How to complete this task:
Which lines hold the string "then"? Copy each of them from the material below.

Records to process:
::::::::

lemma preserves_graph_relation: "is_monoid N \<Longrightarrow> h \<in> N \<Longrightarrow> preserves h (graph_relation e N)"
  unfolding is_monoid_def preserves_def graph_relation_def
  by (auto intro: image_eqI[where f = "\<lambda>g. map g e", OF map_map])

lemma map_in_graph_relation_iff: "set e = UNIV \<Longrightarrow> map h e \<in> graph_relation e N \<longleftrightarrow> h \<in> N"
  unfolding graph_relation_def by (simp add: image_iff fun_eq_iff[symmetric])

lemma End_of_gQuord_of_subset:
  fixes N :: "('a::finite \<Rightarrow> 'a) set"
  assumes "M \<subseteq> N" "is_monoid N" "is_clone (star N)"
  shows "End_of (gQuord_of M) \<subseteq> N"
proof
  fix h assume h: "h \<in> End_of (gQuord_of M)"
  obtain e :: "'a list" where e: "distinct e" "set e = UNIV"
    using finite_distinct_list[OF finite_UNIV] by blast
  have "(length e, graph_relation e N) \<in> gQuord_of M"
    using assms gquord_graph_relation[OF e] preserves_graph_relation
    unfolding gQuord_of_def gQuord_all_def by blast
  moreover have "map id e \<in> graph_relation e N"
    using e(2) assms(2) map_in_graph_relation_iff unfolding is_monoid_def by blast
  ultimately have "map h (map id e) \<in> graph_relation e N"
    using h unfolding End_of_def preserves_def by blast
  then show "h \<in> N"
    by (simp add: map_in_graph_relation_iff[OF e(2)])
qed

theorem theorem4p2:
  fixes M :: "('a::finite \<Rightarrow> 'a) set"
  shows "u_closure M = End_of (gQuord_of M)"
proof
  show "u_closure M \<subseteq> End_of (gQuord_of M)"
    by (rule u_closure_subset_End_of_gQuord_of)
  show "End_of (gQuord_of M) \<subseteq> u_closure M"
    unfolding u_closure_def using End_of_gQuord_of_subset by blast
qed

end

::::::::

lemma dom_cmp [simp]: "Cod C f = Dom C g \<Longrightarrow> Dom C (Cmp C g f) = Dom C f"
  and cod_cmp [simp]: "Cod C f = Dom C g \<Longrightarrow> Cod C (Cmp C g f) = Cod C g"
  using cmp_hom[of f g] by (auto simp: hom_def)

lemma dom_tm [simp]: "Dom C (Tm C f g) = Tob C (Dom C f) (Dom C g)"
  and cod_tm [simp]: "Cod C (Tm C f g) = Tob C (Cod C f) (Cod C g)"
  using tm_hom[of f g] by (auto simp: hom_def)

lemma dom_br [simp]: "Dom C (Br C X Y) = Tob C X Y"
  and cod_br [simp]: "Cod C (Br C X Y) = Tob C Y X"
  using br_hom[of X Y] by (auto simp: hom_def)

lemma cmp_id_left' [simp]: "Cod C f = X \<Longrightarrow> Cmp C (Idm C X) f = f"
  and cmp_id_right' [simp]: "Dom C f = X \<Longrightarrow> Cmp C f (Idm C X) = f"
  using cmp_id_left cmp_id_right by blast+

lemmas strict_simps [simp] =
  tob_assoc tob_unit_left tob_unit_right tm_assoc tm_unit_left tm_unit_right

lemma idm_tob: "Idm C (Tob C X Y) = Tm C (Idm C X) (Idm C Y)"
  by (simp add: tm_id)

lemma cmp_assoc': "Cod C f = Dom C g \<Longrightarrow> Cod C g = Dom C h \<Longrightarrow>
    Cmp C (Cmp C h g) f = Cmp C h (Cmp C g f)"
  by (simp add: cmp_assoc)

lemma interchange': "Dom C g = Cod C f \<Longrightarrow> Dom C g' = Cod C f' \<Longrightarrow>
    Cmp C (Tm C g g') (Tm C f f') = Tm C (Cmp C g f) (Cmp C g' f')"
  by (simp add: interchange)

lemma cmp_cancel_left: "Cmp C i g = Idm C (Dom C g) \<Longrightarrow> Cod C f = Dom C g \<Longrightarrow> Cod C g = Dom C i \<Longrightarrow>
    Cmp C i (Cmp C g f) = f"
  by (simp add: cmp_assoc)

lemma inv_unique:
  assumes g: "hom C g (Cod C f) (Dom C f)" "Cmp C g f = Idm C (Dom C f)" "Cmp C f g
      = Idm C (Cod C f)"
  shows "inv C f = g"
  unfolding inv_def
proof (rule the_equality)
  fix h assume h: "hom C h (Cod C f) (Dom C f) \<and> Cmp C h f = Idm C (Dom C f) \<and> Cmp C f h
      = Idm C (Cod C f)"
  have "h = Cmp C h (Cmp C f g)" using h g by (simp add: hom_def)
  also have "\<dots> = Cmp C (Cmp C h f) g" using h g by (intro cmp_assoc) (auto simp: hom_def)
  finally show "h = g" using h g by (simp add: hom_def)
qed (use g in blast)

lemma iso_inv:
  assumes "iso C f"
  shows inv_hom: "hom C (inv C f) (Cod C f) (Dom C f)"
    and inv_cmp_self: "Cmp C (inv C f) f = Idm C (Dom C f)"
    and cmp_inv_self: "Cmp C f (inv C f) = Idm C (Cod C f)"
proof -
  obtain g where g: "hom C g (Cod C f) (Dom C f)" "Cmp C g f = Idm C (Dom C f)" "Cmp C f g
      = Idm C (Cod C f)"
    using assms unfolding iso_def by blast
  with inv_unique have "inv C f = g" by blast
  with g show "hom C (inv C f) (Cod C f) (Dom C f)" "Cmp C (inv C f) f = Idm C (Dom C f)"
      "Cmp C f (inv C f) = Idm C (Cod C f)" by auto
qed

::::::::

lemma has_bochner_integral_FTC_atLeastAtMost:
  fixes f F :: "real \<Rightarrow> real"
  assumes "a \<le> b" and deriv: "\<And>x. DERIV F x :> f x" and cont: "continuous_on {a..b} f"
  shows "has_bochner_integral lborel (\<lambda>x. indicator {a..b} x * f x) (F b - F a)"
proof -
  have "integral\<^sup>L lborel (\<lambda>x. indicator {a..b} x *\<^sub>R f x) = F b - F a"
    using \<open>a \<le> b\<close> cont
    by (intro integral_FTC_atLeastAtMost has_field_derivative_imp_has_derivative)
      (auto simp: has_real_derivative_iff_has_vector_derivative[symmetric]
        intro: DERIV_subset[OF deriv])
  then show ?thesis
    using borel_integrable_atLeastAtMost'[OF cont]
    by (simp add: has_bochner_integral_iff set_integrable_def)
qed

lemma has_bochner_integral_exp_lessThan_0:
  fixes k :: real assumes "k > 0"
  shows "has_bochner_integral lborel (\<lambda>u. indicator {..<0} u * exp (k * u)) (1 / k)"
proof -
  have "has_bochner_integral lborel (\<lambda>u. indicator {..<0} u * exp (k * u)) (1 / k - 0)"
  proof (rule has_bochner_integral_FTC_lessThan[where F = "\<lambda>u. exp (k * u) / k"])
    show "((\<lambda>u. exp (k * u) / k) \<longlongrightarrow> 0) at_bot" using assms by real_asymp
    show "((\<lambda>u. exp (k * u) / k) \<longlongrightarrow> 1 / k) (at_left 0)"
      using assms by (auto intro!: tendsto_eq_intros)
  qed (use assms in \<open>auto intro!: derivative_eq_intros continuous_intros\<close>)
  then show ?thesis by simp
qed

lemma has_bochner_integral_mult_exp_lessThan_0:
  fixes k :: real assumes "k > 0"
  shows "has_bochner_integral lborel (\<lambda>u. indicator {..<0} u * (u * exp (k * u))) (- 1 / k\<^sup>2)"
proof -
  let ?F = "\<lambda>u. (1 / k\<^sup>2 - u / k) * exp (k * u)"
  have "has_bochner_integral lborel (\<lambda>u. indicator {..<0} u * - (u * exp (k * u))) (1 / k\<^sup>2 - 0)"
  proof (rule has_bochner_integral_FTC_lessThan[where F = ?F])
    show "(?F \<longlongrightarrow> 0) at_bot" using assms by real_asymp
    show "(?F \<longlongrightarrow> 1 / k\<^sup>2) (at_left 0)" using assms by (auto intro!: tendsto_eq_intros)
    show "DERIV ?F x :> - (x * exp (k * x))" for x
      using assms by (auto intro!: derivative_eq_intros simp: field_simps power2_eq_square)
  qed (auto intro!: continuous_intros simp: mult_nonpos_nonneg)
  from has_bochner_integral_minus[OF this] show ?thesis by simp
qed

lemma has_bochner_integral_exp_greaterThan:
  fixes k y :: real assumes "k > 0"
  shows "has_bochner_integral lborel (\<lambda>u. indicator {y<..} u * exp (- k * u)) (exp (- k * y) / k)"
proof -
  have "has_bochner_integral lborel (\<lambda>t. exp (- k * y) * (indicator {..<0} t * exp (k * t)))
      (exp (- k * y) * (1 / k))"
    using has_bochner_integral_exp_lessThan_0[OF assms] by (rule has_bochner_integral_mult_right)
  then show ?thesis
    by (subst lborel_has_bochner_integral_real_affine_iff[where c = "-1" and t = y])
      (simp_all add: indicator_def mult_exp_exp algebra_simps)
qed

::::::::

Exercise response:
  then show "h \<in> N"
  then show ?thesis
  then show ?thesis by simp
  then show ?thesis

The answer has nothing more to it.